Download or read book Fragments of Lichtenberg written by Pierre Senges and published by Deep Vellum Publishing. This book was released on 2017-01-27 with total page 475 pages. Available in PDF, EPUB and Kindle. Book excerpt: The eighteenth-century German physicist Georg Christoph Lichtenberg left behind at the time of his death thousands of fragmentary notes commenting on a dazzling and at the same time puzzling array of subjects. Pierre Senges’s Fragments of Lichtenberg imaginatively and hilariously reconstructs the efforts of scholars across three centuries to piece together Lichtenberg’s disparate notes into a coherent philosophical or artistic statement. What emerges instead from their efforts are a wide variety of conflicting and competing Lichtenbergs – the poet, the physicist, the philosopher, the humorist – and a very funny meditation on the way interpretations and speculation create new histories and new realities.
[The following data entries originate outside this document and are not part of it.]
lemma reindex_invariant_Suc_last_max:
  assumes H: cond_laws_perm_invariant and IH: "reindex_invariant k"
    and inj: "inj_on j {..<Suc k}" and last_max: "\<And>i. i < k \<Longrightarrow> j i < j k"
    and A: "\<And>i. i < Suc k \<Longrightarrow> A i \<in> sets borel"
  shows "measure M {\<omega>\<in>space M. \<forall>i<Suc k. X (j i) \<omega> \<in> A i} = measure M {\<omega>\<in>space M. \<forall>i<Suc k. X i \<omega> \<in> A i}"
proof -
  have inj_k: "inj_on j {..<k}" using inj by (rule inj_on_subset) auto
  have range: "j ` {..<k} \<subseteq> {..<j k}" using last_max by auto
  have "k \<le> j k" using card_inj_on_le[OF inj_k range] by simp
  have A_k: "\<And>i. i < k \<Longrightarrow> A i \<in> sets borel" using A by simp
  have "measure M {\<omega>\<in>space M. \<forall>i<Suc k. X (j i) \<omega> \<in> A i}
      = measure M ({\<omega>\<in>space M. X (j k) \<omega> \<in> A k} \<inter> {\<omega>\<in>space M. \<forall>i<k. X (j i) \<omega> \<in> A i})"
    by (rule arg_cong[where f="measure M"]) (auto simp: less_Suc_eq)
  also have "\<dots> = measure M ({\<omega>\<in>space M. X (j k) \<omega> \<in> A k} \<inter> {\<omega>\<in>space M. \<forall>i<k. X i \<omega> \<in> A i})"
    using IH[unfolded reindex_invariant_def, rule_format, OF inj_k A_k]
    by (intro measure_Int_reindex_eq[OF H inj_k range \<open>k \<le> j k\<close> A_k A]) simp_all
  also have "\<dots> = measure M ({\<omega>\<in>space M. X k \<omega> \<in> A k} \<inter> {\<omega>\<in>space M. \<forall>i<k. X i \<omega> \<in> A i})"
    using measure_Int_future_eq[OF rectangle_in_F[OF order.refl A_k] \<open>k \<le> j k\<close> A[of k]] by simp
  also have "\<dots> = measure M {\<omega>\<in>space M. \<forall>i<Suc k. X i \<omega> \<in> A i}"
    by (rule arg_cong[where f="measure M"]) (auto simp: less_Suc_eq)
  finally show ?thesis .
qed

lemma reindex_invariant_Suc_transpose:
  assumes H: cond_laws_perm_invariant and IH: "reindex_invariant k" and "p < k"
    and A: "\<And>i. i < Suc k \<Longrightarrow> A i \<in> sets borel"
  shows "measure M {\<omega>\<in>space M. \<forall>i<Suc k. X i \<omega> \<in> A (Transposition.transpose p k i)} = measure M {\<omega>\<in>space M. \<forall>i<Suc k. X i \<omega> \<in> A i}"
proof -
  define G where "G = {\<omega>\<in>space M. \<forall>i<k. X i \<omega> \<in> (if i = p then UNIV else A i)}"
  have G_F: "G \<in> sets (F k)" unfolding G_def using A by (intro rectangle_in_F) auto
  have G_M: "G \<in> events" using G_F subalgebra_F by (auto simp: subalgebra_def)
  define j where "j N i = (if i = p then N else if i = k then Suc N else i)" for N i
  have measure_j: "measure M {\<omega>\<in>space M. \<forall>i<Suc k. X (j N i) \<omega> \<in> B i} = measure M {\<omega>\<in>space M. \<forall>i<Suc k. X i \<omega> \<in> B i}"
    if "k \<le> N" and "\<And>i. i < Suc k \<Longrightarrow> B i \<in> sets borel" for N B
    using that(1) \<open>p < k\<close>
    by (intro reindex_invariant_Suc_last_max[OF H IH _ _ that(2)]) (auto simp: j_def inj_on_def)
  have event_j: "{\<omega>\<in>space M. \<forall>i<Suc k. X (j N i) \<omega> \<in> B i} = {\<omega>\<in>space M. \<omega> \<in> G \<and> X N \<omega> \<in> B p \<and> X (Suc N) \<omega> \<in> B k}"
    if "k \<le> N" and "\<And>i. i < k \<Longrightarrow> i \<noteq> p \<Longrightarrow> B i = A i" for N B
  proof -
    have "(\<forall>i<Suc k. X (j N i) \<omega> \<in> B i) \<longleftrightarrow>
        (\<forall>i<k. X i \<omega> \<in> (if i = p then UNIV else A i)) \<and> X N \<omega> \<in> B p \<and> X (Suc N) \<omega> \<in> B k" for \<omega>
      using that \<open>p < k\<close> unfolding j_def less_Suc_eq by (auto split: if_splits)
    then show ?thesis by (auto simp: G_def)
  qed
  have A_transpose: "A (Transposition.transpose p k i) \<in> sets borel" if "i < Suc k" for i
    using A that \<open>p < k\<close> by (simp add: Transposition.transpose_def)
  show ?thesis
  proof (rule pair_integrals_swap_eq[OF borel_measurable_indicator[OF G_F] _ A[of k] A[of p]])
    fix N assume "k \<le> N"
    show "(\<integral>\<omega>. indicator G \<omega> * indicator (A k) (X N \<omega>) * indicator (A p) (X (Suc N) \<omega>) \<partial>M)
        = measure M {\<omega>\<in>space M. \<forall>i<Suc k. X i \<omega> \<in> A (Transposition.transpose p k i)}"
      using measure_j[OF \<open>k \<le> N\<close>, of "\<lambda>i. A (Transposition.transpose p k i)"] A_transpose
        event_j[OF \<open>k \<le> N\<close>, of "\<lambda>i. A (Transposition.transpose p k i)"] \<open>p < k\<close>
      by (simp add: measure_pair_eq_integral[OF G_M])
    show "(\<integral>\<omega>. indicator G \<omega> * indicator (A p) (X N \<omega>) * indicator (A k) (X (Suc N) \<omega>) \<partial>M)
        = measure M {\<omega>\<in>space M. \<forall>i<Suc k. X i \<omega> \<in> A i}"
      using measure_j[OF \<open>k \<le> N\<close>, of A] A event_j[OF \<open>k \<le> N\<close>, of A]
      by (simp add: measure_pair_eq_integral[OF G_M])
  qed (simp_all add: indicator_def less_SucI[OF \<open>p < k\<close>])
qed

lemma reindex_invariant_Suc:
  assumes H: cond_laws_perm_invariant and IH: "reindex_invariant k"
  shows "reindex_invariant (Suc k)"
  unfolding reindex_invariant_def
proof (intro allI impI)
  fix j :: "nat \<Rightarrow> nat" and A :: "nat \<Rightarrow> 'b set"
  assume inj: "inj_on j {..<Suc k}" and A: "\<forall>i<Suc k. A i \<in> sets borel"
  have "Max (j ` {..<Suc k}) \<in> j ` {..<Suc k}" by (rule Max_in) auto
  then obtain p where p: "p < Suc k" and p_Max: "j p = Max (j ` {..<Suc k})" by force
  have p_max: "j i \<le> j p" if "i < Suc k" for i
    unfolding p_Max using that by (intro Max_ge) auto
  define \<sigma> where "\<sigma> = Transposition.transpose p k"
  have \<sigma>: "\<sigma> permutes {..<Suc k}" using p by (simp add: \<sigma>_def permutes_swap_id)
  have "measure M {\<omega>\<in>space M. \<forall>i<Suc k. X (j i) \<omega> \<in> A i}
      = measure M {\<omega>\<in>space M. \<forall>i<Suc k. X (j (\<sigma> i)) \<omega> \<in> A (\<sigma> i)}"
  proof -
    have "(\<forall>i<Suc k. X (j (\<sigma> i)) \<omega> \<in> A (\<sigma> i)) \<longleftrightarrow> (\<forall>i<Suc k. X (j i) \<omega> \<in> A i)" for \<omega>
      by (rule all_less_permutes_iff[OF \<sigma>])
    then show ?thesis by simp
  qed
  also have "\<dots> = measure M {\<omega>\<in>space M. \<forall>i<Suc k. X i \<omega> \<in> A (\<sigma> i)}"
  proof (rule reindex_invariant_Suc_last_max[OF H IH])
    have "inj_on (j \<circ> \<sigma>) {..<Suc k}"
      using permutes_inj_on[OF \<sigma>] inj permutes_image[OF \<sigma>] by (intro comp_inj_on) simp_all
    then show "inj_on (\<lambda>i. j (\<sigma> i)) {..<Suc k}" by (simp add: comp_def)
    fix i assume "i < k"
    then have "\<sigma> i < Suc k" "\<sigma> i \<noteq> p" using p by (auto simp: \<sigma>_def Transposition.transpose_def)
    then show "j (\<sigma> i) < j (\<sigma> k)"
      using p_max[of "\<sigma> i"] inj_on_eq_iff[OF inj, of "\<sigma> i" p] p by (simp add: \<sigma>_def)
  next
    show "A (\<sigma> i) \<in> sets borel" if "i < Suc k" for i
      using A permutes_in_image[OF \<sigma>] that by auto
  qed
  also have "\<dots> = measure M {\<omega>\<in>space M. \<forall>i<Suc k. X i \<omega> \<in> A i}"
  proof (cases "p = k")
    case False
    then show ?thesis unfolding \<sigma>_def using p A by (intro reindex_invariant_Suc_transpose[OF H IH]) auto
  qed (simp add: \<sigma>_def)
  finally show "measure M {\<omega>\<in>space M. \<forall>i<Suc k. X (j i) \<omega> \<in> A i} = measure M {\<omega>\<in>space M. \<forall>i<Suc k. X i \<omega> \<in> A i}" .
qed

lemma reindex_invariant_if_cond_laws_perm_invariant:
  assumes cond_laws_perm_invariant
  shows "reindex_invariant k"
proof (induction k)
  case 0
  show ?case by (simp add: reindex_invariant_def)
next
  case (Suc k)
  then show ?case by (rule reindex_invariant_Suc[OF assms])
qed

lemma exchangeable_if_cond_laws_perm_invariant:
  assumes cond_laws_perm_invariant
  shows "exchangeable M X"
  unfolding exchangeable_iff_rectangles[OF measurable_X]
proof (intro allI impI)
  fix \<pi> :: "nat \<Rightarrow> nat" and J and A :: "nat \<Rightarrow> 'b set"
  assume "\<pi> permutes UNIV" and "finite J" and A: "\<forall>i\<in>J. A i \<in> sets borel"
  obtain n where J: "J \<subseteq> {..<n}" using \<open>finite J\<close> by (meson finite_nat_iff_bounded)
  define A' where "A' i = (if i \<in> J then A i else UNIV)" for i
  have "inj_on \<pi> {..<n}"
    using permutes_inj[OF \<open>\<pi> permutes UNIV\<close>] by (rule inj_on_subset) simp
  moreover have "\<forall>i<n. A' i \<in> sets borel" using A by (simp add: A'_def)
  ultimately have "measure M {\<omega>\<in>space M. \<forall>i<n. X (\<pi> i) \<omega> \<in> A' i} = measure M {\<omega>\<in>space M. \<forall>i<n. X i \<omega> \<in> A' i}"
    using reindex_invariant_if_cond_laws_perm_invariant[OF assms, of n] unfolding reindex_invariant_def by blast
  moreover have "{\<omega>\<in>space M. \<forall>i\<in>J. X (\<pi> i) \<omega> \<in> A i} = {\<omega>\<in>space M. \<forall>i<n. X (\<pi> i) \<omega> \<in> A' i}"
    and "{\<omega>\<in>space M. \<forall>i\<in>J. X i \<omega> \<in> A i} = {\<omega>\<in>space M. \<forall>i<n. X i \<omega> \<in> A' i}"
    using J by (auto simp: A'_def)
  ultimately show "measure M {\<omega>\<in>space M. \<forall>i\<in>J. X (\<pi> i) \<omega> \<in> A i} = measure M {\<omega>\<in>space M. \<forall>i\<in>J. X i \<omega> \<in> A i}"
    by simp
qed

lemma cond_laws_perm_invariant_if_exchangeable:
  assumes "exchangeable M X"
  shows cond_laws_perm_invariant
  unfolding cond_laws_perm_invariant_def Let_def
proof (intro allI impI ballI)
  fix n :: nat and \<pi> :: "nat \<Rightarrow> nat" and A :: "nat \<Rightarrow> 'b set" and B :: "'b set"
  assume \<pi>: "\<pi> permutes {..<n}" and A: "\<forall>i<n. A i \<in> sets borel" and B: "B \<in> sets borel"
  have \<pi>_UNIV: "\<pi> permutes UNIV" using \<pi> by (rule permutes_subset) simp
  have "{i. \<pi> i \<noteq> i} \<subseteq> {..<n}" using \<pi> by (auto simp: permutes_def)
  then have "finite {i. \<pi> i \<noteq> i}" by (rule finite_subset) simp
  note invariant = assms[unfolded exchangeable_iff_rectangles[OF measurable_X], rule_format, OF \<pi>_UNIV this]
  have "\<pi> n = n" using \<pi> by (simp add: permutes_def)
  define A' where "A' i = (if i < n then A i else B)" for i
  have "{\<omega>\<in>space M. \<forall>i\<in>insert n {..<n}. X (\<pi> i) \<omega> \<in> A' i} = {\<omega>\<in>space M. X n \<omega> \<in> B} \<inter> {\<omega>\<in>space M. \<forall>i<n. X (\<pi> i) \<omega> \<in> A i}"
    and "{\<omega>\<in>space M. \<forall>i\<in>insert n {..<n}. X i \<omega> \<in> A' i} = {\<omega>\<in>space M. X n \<omega> \<in> B} \<inter> {\<omega>\<in>space M. \<forall>i<n. X i \<omega> \<in> A i}"
    using \<open>\<pi> n = n\<close> by (auto simp: A'_def)
  moreover have "measure M {\<omega>\<in>space M. \<forall>i\<in>insert n {..<n}. X (\<pi> i) \<omega> \<in> A' i} = measure M {\<omega>\<in>space M. \<forall>i\<in>insert n {..<n}. X i \<omega> \<in> A' i}"
    using A B by (intro invariant) (auto simp: A'_def)
  ultimately have "measure M ({\<omega>\<in>space M. X n \<omega> \<in> B} \<inter> {\<omega>\<in>space M. \<forall>i<n. X (\<pi> i) \<omega> \<in> A i})
      = measure M ({\<omega>\<in>space M. X n \<omega> \<in> B} \<inter> {\<omega>\<in>space M. \<forall>i<n. X i \<omega> \<in> A i})"
    by (simp only:)
  moreover have "measure M {\<omega>\<in>space M. \<forall>i<n. X (\<pi> i) \<omega> \<in> A i} = measure M {\<omega>\<in>space M. \<forall>i<n. X i \<omega> \<in> A i}"
    using invariant[of "{..<n}" A] A by (simp add: Ball_def)
  ultimately show "measure M ({\<omega>\<in>space M. X n \<omega> \<in> B} \<inter> {\<omega>\<in>space M. \<forall>i<n. X i \<omega> \<in> A i}) / measure M {\<omega>\<in>space M. \<forall>i<n. X i \<omega> \<in> A i}
      = measure M ({\<omega>\<in>space M. X n \<omega> \<in> B} \<inter> {\<omega>\<in>space M. \<forall>i<n. X (\<pi> i) \<omega> \<in> A i}) / measure M {\<omega>\<in>space M. \<forall>i<n. X (\<pi> i) \<omega> \<in> A i}"
    by (simp only:)
qed

end

theorem mainTheorem5:
  fixes M :: "'a measure" and X :: "nat \<Rightarrow> 'a \<Rightarrow> 'b::polish_space"
  assumes "prob_space M"
    and "\<And>i. X i \<in> borel_measurable M"
    and "cid M X"
  shows "exchangeable M X \<longleftrightarrow>
    (\<forall>n \<ge> 1. \<forall>\<pi>. \<pi> permutes {..<n} \<longrightarrow>
      (\<forall>A::nat \<Rightarrow> 'b set. (\<forall>i<n. A i \<in> sets borel) \<longrightarrow>
        (let E1 = {\<omega> \<in> space M. \<forall>i<n. X i \<omega> \<in> A i};
             E2 = {\<omega> \<in> space M. \<forall>i<n. X (\<pi> i) \<omega> \<in> A i}
         in measure M E1 > 0 \<longrightarrow> measure M E2 > 0 \<longrightarrow>
            (\<forall>B \<in> sets borel.
               measure M ({\<omega> \<in> space M. X n \<omega> \<in> B} \<inter> E1) / measure M E1
             = measure M ({\<omega> \<in> space M. X n \<omega> \<in> B} \<inter> E2) / measure M E2))))"
proof -
  interpret cid_sequence M X
    using assms by (simp add: cid_sequence_def cid_sequence_axioms_def)
  have "exchangeable M X \<longleftrightarrow> cond_laws_perm_invariant"
    using exchangeable_if_cond_laws_perm_invariant cond_laws_perm_invariant_if_exchangeable by blast
  then show ?thesis unfolding cond_laws_perm_invariant_def .
qed

end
In just over half a century, Georg Christoph Lichtenberg (1742-1799) had the time to be all of the following: a hunchback; a mathematician; a physics professor; a connoisseur of hare pate; a hermit; an electrical theorist; a skirtchaser; a friend of King George III of England; an asthmatic; a defender of reason; a hypochondriac; a dying man; and the author of 8,000 fragments written with ink and goose quills. Traditionally those fragments have been considered no more than aphorisms, to be sipped like fine schnapps, but certain scholars claim, however, that his famous Wastebooks are really the scattered pieces of a Great Novel, and that this might yet be reconstructed, with the help of scissors, glue, and paper, and by using what is left of our imaginations. The present volume retracts, among other things, the work undertaken for more than a century by valiant Lichtenbergians.